Thank you for your donations: The ballad of the Mad Violinist

I was talking with a friend last night about the cavalcade of “characters” you find on a weekly basis on the New York subway trains. It’s remarkable, how subway and station performers make their living, panhandling for cash and coin as they go from car to car or pick the perfect spot in the walkway between 7th and 8th Avenue in the Times Square station.

There’s the guy with the steel drums, the Asian man at Bryant Park who I think plays an accordian, and the really fantastic violinist at Grand Central who stands at the top of the 7 train escalator that leads out through the Cipriani building.

On the 7 itself, there’s always this stock bunch of people that I’ve nicknamed in my head. I always kind of roll my eyes or hide a knowing, exhausted, grin when they get on the train and bury myself in my book. This week, for instance, I got both the Mad Violinist and The Mariachis.
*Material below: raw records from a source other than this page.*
lemma own_measurable:
  assumes "1 \<le> K" "h \<in> borel_measurable N"
  shows "(\<lambda>z. h (fst z 0)) \<in> borel_measurable (samples K)"
  unfolding samples_def using assms
  by (intro measurable_compose[OF measurable_compose[OF measurable_fst measurable_component_singleton]]) auto

lemma rival_measurable:
  assumes "k \<in> {1..<K}" "(\<lambda>(w, x). g w x) \<in> borel_measurable (N \<Otimes>\<^sub>M D)"
  shows "(\<lambda>z. g (fst z k) (snd z k)) \<in> borel_measurable (samples K)"
  using measurable_compose[OF measurable_pair_components[of k "{0..<K}" k "{1..<K}" "\<lambda>_. N" "\<lambda>_. D"] assms(2)] assms(1)
  by (simp add: samples_def)

lemma rivals_score_nonneg: "z \<in> space (samples K) \<Longrightarrow> 0 \<le> rivals_score K z"
  unfolding rivals_score_def by (intro sum_nonneg less_imp_le[OF Y_pos] space_samples) auto

lemma share_measurable: "1 \<le> K \<Longrightarrow> share K \<in> borel_measurable (samples K)"
  unfolding share_def rivals_score_def
  using own_measurable[OF _ y0_meas] rival_measurable[OF _ Y_meas]
  by (intro borel_measurable_divide borel_measurable_times borel_measurable_add borel_measurable_sum) auto

lemma share_nonneg: "1 \<le> K \<Longrightarrow> z \<in> space (samples K) \<Longrightarrow> 0 \<le> share K z"
  unfolding share_def using rivals_score_nonneg y0_pos space_samples(1) by (simp add: add_nonneg_nonneg less_imp_le)

lemma share_le: "1 \<le> K \<Longrightarrow> z \<in> space (samples K) \<Longrightarrow> share K z \<le> real K"
  unfolding share_def using rivals_score_nonneg[of z K] y0_pos[OF space_samples(1)[of z K 0]]
  by (simp add: mult_le_cancel_left1 divide_le_eq)

lemma integral_share_eq:
  assumes "1 \<le> K"
  shows "(\<integral>z. share K z \<partial>samples K) = enn2real (\<integral>\<^sup>+z. ennreal (share K z) \<partial>samples K)"
    and "(\<integral>\<^sup>+z. ennreal (share K z) \<partial>samples K) < \<infinity>"
proof -
  show "(\<integral>z. share K z \<partial>samples K) = enn2real (\<integral>\<^sup>+z. ennreal (share K z) \<partial>samples K)"
    using assms share_measurable share_nonneg by (intro integral_eq_nn_integral) auto
  have "(\<integral>\<^sup>+z. ennreal (share K z) \<partial>samples K) \<le> (\<integral>\<^sup>+z. ennreal (real K) \<partial>samples K)"
    using assms share_le by (intro nn_integral_mono ennreal_leI) auto
  also have "\<dots> = ennreal (real K)"
    using prob_space.emeasure_space_1[OF prob_samples] by simp
  also have "\<dots> < \<infinity>"
    by simp
  finally show "(\<integral>\<^sup>+z. ennreal (share K z) \<partial>samples K) < \<infinity>" .
qed

lemma nn_integral_samples:
  assumes "1 \<le> K" "h \<in> borel_measurable N"
    and "\<And>k. k \<in> {1..<K} \<Longrightarrow> (\<lambda>(w, x). g k w x) \<in> borel_measurable (N \<Otimes>\<^sub>M D)"
  shows "(\<integral>\<^sup>+z. h (fst z 0) * (\<Prod>k\<in>{1..<K}. g k (fst z k) (snd z k)) \<partial>samples K)
       = (\<integral>\<^sup>+w. h w \<partial>N) * (\<Prod>k\<in>{1..<K}. \<integral>\<^sup>+z. g k (fst z) (snd z) \<partial>(N \<Otimes>\<^sub>M D))"
proof -
  have "{0..<K} = insert 0 {1..<K}"
    using assms(1) by auto
  then show ?thesis
    unfolding samples_def using assms prob_N prob_D
    by (simp only:) (rule nn_integral_independent_samples; auto intro: prob_space_imp_sigma_finite)
qed

lemma nn_integral_own:
  "1 \<le> K \<Longrightarrow> h \<in> borel_measurable N \<Longrightarrow> (\<integral>\<^sup>+z. h (fst z 0) \<partial>samples K) = (\<integral>\<^sup>+w. h w \<partial>N)"
  using nn_integral_samples[of K h "\<lambda>_ _ _. 1"] prob_space.emeasure_space_1[OF prob_pair] by simp

lemma nn_integral_own_rival:
  assumes "j \<in> {1..<K}" "h \<in> borel_measurable N" "(\<lambda>(w, x). g w x) \<in> borel_measurable (N \<Otimes>\<^sub>M D)"
  shows "(\<integral>\<^sup>+z. h (fst z 0) * g (fst z j) (snd z j) \<partial>samples K)
       = (\<integral>\<^sup>+w. h w \<partial>N) * (\<integral>\<^sup>+z. g (fst z) (snd z) \<partial>(N \<Otimes>\<^sub>M D))"
proof -
  have "(\<integral>\<^sup>+z. (if k = j then g (fst z) (snd z) else 1) \<partial>(N \<Otimes>\<^sub>M D))
      = (if k = j then \<integral>\<^sup>+z. g (fst z) (snd z) \<partial>(N \<Otimes>\<^sub>M D) else 1)" for k
    using prob_space.emeasure_space_1[OF prob_pair] by simp
  then show ?thesis
    using assms nn_integral_samples[of K h "\<lambda>k w x. if k = j then g w x else 1"]
    by (simp cong: prod.cong)
qed

lemma nn_integral_prod_rivals:
  assumes "1 \<le> K" "(\<lambda>(w, x). g w x) \<in> borel_measurable (N \<Otimes>\<^sub>M D)"
  shows "(\<integral>\<^sup>+z. (\<Prod>k\<in>{1..<K}. g (fst z k) (snd z k)) \<partial>samples K)
       = (\<integral>\<^sup>+z. g (fst z) (snd z) \<partial>(N \<Otimes>\<^sub>M D)) ^ (K - 1)"
  using assms nn_integral_samples[of K "\<lambda>_. 1" "\<lambda>_. g"] prob_space.emeasure_space_1[OF prob_N] by simp

lemma nn_integral_rival: "(\<integral>\<^sup>+z. ennreal (Y (fst z) (snd z)) \<partial>(N \<Otimes>\<^sub>M D)) = ennreal rival_mean"
  unfolding rival_mean_def using Y_int Y_pos
  by (intro nn_integral_eq_integral AE_I2) (auto simp: space_pair_measure less_imp_le)

lemma nn_integral_own_score: "(\<integral>\<^sup>+w. ennreal (y0 w) \<partial>N) = ennreal own_mean"
  unfolding own_mean_def using y0_int y0_pos by (intro nn_integral_eq_integral AE_I2) (auto simp: less_imp_le)

lemma own_mean_nonneg: "0 \<le> own_mean"
  unfolding own_mean_def using y0_pos by (simp add: integral_nonneg less_imp_le)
The former being blind (savvy enough to walk past the poles and go from car to car while the train is moving) and the latter three piece guitar band being boisterous.

Oddly enough, they were singing an upbeat song about some girl named Margarita…after I’d been drinking some, so I was amused. They’re actually really good. It’s just that you generally don’t want to hear rowdy mariachi music after a long-ass day working in the city.

The Mad Violinist, however, isn’t quite as musically blessed. He’s this older guy who used to often navigate with a cane, but he doesn’t use it anymore. He sounds vaguely Eastern European and has this unruly salt and pepper hair and is mostly bald on top (hence the “mad” moniker). And he almost always plays the “Godfather” theme. It’s the only song he seems to know. “Thank you for your donations,” he says, in this Igor-and-Dr. Frankenstein-ish voice, sometimes gesturing to a black leather bag hanging at his side.

But, really, the MV is nothing compared to the quirky being I’ve dubbed “Penny Whistle Yetta.” She’s this little old lady who looks like Fran’s Yetta from The Nanny, and dresses like her, too. Weird colors, tights, layers. And she gets on the train with this little slide whistle thingy and plays random songs like “Happy Birthday” and “We Wish You a Merry Christmas” very badly. Even if it isn’t Christmas. And she’s totally serious about it, too. It’s just…odd. You have to wonder what’s going on in her head, that she expects coins for such an eccentric and strange little show. I mean, it’s not like you can be a virtuoso on a whistle thingy. Okay, maybe you can, but she isn’t.

Whenever PWY gets on my car, I bust out laughing. I know it’s terrible, but I can’t help myself.

Of course, then you get your non-performing panhandlers as well. Like the kids who sell candy to ostensibly keep themselves off the street. Only you know they probably nicked the candy from some newstand while the guy’s back was turned. And Battery Guy, who peddles batteries from his backpack for a dollar. And, oh, these folks who only show up every couple of months (to give you time to forget): asking for money to bury their daughter who died in a fire. I saw them at some point last year and then they popped up again last month. I was thinking…”Wow, how many dead kids do you have?” and “if it’s the same one, hasn’t she decomposed by now?”

It’s an interesting life. An interesting display. And I always feel a little heartless, a little cold, for holding on to my money, but I can’t help it. I’ve seen naked children in Calcutta panhandling. I’ve seen limbless lepers in dirty local train stations. If I can swallow the urge to try and give my entire earthly possessions to those people, then people with clothes on their backs and shoes on their feet and enough money to buy a subway pass every day aren’t going to move me.

But sometimes…sometimes I’ll ride the escalator up from the 7 and the man with the rumpled sweep of hair and the open violin case will be playing something so achingly beautiful that it breaks my heart.

(One of these days, I should share my rickshaw rant; it’s a variation on the theme.)